Work order: From the line that contains "using harmonic_imp_const assms(1)" to the final line of the entries below, write out every line exactly as it appears, and nothing else.

Provided data:
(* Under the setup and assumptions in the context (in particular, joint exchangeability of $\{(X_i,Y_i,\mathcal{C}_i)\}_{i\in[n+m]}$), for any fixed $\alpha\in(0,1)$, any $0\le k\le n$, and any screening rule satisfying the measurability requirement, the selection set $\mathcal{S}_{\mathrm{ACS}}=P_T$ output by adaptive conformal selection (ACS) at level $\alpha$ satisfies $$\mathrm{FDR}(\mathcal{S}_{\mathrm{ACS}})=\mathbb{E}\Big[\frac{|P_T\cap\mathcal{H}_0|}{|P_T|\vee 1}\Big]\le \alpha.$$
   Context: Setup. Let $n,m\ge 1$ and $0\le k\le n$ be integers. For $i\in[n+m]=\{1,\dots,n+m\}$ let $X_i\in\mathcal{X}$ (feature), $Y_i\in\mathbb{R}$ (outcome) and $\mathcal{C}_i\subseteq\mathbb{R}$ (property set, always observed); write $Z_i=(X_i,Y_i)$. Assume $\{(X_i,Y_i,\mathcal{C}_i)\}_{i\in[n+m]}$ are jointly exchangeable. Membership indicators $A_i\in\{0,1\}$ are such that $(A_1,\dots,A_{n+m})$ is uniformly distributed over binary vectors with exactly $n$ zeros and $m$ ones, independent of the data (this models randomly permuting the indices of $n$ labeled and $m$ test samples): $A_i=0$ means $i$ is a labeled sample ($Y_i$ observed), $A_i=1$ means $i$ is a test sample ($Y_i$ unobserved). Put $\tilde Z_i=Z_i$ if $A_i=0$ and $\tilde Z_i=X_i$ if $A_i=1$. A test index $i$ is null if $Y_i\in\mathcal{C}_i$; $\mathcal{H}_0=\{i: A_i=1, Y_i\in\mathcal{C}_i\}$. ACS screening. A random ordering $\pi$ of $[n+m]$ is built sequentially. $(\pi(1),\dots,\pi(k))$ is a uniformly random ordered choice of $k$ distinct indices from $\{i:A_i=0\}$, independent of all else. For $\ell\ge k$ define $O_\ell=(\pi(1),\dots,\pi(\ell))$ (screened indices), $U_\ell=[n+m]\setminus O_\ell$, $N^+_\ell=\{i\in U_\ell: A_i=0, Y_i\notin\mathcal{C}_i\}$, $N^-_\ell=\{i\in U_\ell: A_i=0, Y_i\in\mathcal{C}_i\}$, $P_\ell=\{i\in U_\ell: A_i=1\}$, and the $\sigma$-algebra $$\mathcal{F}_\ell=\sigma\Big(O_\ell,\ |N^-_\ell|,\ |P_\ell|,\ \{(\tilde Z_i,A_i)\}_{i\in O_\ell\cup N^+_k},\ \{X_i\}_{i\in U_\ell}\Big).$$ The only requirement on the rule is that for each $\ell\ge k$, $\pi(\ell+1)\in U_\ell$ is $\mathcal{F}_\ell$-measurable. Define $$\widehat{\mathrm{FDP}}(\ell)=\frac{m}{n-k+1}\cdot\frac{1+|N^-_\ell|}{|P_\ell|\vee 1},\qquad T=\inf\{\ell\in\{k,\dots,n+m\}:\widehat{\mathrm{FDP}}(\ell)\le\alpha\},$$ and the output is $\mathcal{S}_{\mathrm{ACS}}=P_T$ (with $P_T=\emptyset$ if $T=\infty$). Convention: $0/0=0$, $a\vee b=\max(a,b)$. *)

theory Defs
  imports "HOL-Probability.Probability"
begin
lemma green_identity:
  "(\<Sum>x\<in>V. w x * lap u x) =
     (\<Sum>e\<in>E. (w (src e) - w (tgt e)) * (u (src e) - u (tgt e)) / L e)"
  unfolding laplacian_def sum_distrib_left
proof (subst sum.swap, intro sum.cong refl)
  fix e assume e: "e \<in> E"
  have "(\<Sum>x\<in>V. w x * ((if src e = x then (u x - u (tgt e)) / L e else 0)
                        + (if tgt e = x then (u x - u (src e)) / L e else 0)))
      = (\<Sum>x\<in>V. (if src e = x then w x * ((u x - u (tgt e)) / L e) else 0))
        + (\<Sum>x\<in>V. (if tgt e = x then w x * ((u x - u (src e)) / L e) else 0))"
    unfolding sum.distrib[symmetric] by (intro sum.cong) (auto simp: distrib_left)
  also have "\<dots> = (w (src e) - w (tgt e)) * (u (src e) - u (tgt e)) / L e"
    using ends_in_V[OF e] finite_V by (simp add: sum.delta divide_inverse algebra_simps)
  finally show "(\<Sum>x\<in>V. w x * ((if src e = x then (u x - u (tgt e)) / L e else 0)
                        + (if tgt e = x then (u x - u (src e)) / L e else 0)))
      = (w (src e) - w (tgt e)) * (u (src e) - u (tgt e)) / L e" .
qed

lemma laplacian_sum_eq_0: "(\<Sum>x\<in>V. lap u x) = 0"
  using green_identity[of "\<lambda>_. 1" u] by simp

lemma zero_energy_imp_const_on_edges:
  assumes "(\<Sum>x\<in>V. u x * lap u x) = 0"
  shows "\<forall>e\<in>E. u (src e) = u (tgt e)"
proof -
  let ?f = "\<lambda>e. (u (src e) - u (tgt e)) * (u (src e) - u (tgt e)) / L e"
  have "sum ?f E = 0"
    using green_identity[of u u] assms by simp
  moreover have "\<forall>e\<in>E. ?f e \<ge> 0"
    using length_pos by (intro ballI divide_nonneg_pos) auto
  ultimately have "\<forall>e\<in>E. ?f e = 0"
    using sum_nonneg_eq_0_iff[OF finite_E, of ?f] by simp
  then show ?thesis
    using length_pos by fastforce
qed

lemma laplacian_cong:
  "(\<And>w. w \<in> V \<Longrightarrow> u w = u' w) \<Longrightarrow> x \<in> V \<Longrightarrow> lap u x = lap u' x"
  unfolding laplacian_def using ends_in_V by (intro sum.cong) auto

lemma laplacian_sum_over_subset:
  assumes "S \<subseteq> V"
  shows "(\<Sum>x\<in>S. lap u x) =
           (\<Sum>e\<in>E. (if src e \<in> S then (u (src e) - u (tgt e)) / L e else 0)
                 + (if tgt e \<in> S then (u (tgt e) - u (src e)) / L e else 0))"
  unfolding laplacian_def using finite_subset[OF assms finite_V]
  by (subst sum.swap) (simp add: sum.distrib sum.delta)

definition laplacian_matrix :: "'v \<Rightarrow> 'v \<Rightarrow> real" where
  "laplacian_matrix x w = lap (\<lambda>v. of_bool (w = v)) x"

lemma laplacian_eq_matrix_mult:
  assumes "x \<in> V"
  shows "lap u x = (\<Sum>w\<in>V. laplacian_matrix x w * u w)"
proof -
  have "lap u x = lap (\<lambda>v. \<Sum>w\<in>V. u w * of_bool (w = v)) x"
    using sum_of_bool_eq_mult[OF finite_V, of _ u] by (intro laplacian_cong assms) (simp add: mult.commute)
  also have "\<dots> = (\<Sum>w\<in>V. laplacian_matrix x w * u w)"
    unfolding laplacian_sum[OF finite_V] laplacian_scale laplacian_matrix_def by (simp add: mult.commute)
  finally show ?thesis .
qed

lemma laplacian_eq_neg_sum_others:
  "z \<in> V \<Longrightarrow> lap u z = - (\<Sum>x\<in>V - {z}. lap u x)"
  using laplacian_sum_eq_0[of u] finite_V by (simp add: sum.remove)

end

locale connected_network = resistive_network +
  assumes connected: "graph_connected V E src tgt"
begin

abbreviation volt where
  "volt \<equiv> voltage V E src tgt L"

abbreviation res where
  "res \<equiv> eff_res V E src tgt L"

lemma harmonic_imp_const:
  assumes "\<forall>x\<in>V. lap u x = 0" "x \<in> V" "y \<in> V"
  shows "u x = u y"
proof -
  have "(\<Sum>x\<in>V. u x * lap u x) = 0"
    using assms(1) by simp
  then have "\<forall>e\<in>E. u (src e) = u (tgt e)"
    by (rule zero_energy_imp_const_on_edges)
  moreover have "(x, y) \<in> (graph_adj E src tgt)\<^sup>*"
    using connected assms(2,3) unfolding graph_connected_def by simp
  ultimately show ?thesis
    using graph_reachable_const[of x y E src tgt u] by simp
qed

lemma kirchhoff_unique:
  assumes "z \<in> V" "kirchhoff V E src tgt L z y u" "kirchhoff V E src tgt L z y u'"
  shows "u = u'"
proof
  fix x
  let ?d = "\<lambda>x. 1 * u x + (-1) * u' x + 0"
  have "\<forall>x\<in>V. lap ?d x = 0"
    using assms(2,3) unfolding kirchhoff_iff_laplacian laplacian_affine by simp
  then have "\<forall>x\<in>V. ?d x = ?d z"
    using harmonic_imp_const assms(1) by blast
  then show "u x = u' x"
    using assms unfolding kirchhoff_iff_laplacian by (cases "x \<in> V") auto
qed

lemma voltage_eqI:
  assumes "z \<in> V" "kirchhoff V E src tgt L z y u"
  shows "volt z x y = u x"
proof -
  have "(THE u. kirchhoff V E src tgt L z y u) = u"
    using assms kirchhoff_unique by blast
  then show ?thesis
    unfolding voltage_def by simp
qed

Output for this exercise:
    using harmonic_imp_const assms(1) by blast
  then show "u x = u' x"
    using assms unfolding kirchhoff_iff_laplacian by (cases "x \<in> V") auto
qed

lemma voltage_eqI:
  assumes "z \<in> V" "kirchhoff V E src tgt L z y u"
  shows "volt z x y = u x"
proof -
  have "(THE u. kirchhoff V E src tgt L z y u) = u"
    using assms kirchhoff_unique by blast
  then show ?thesis
    unfolding voltage_def by simp
qed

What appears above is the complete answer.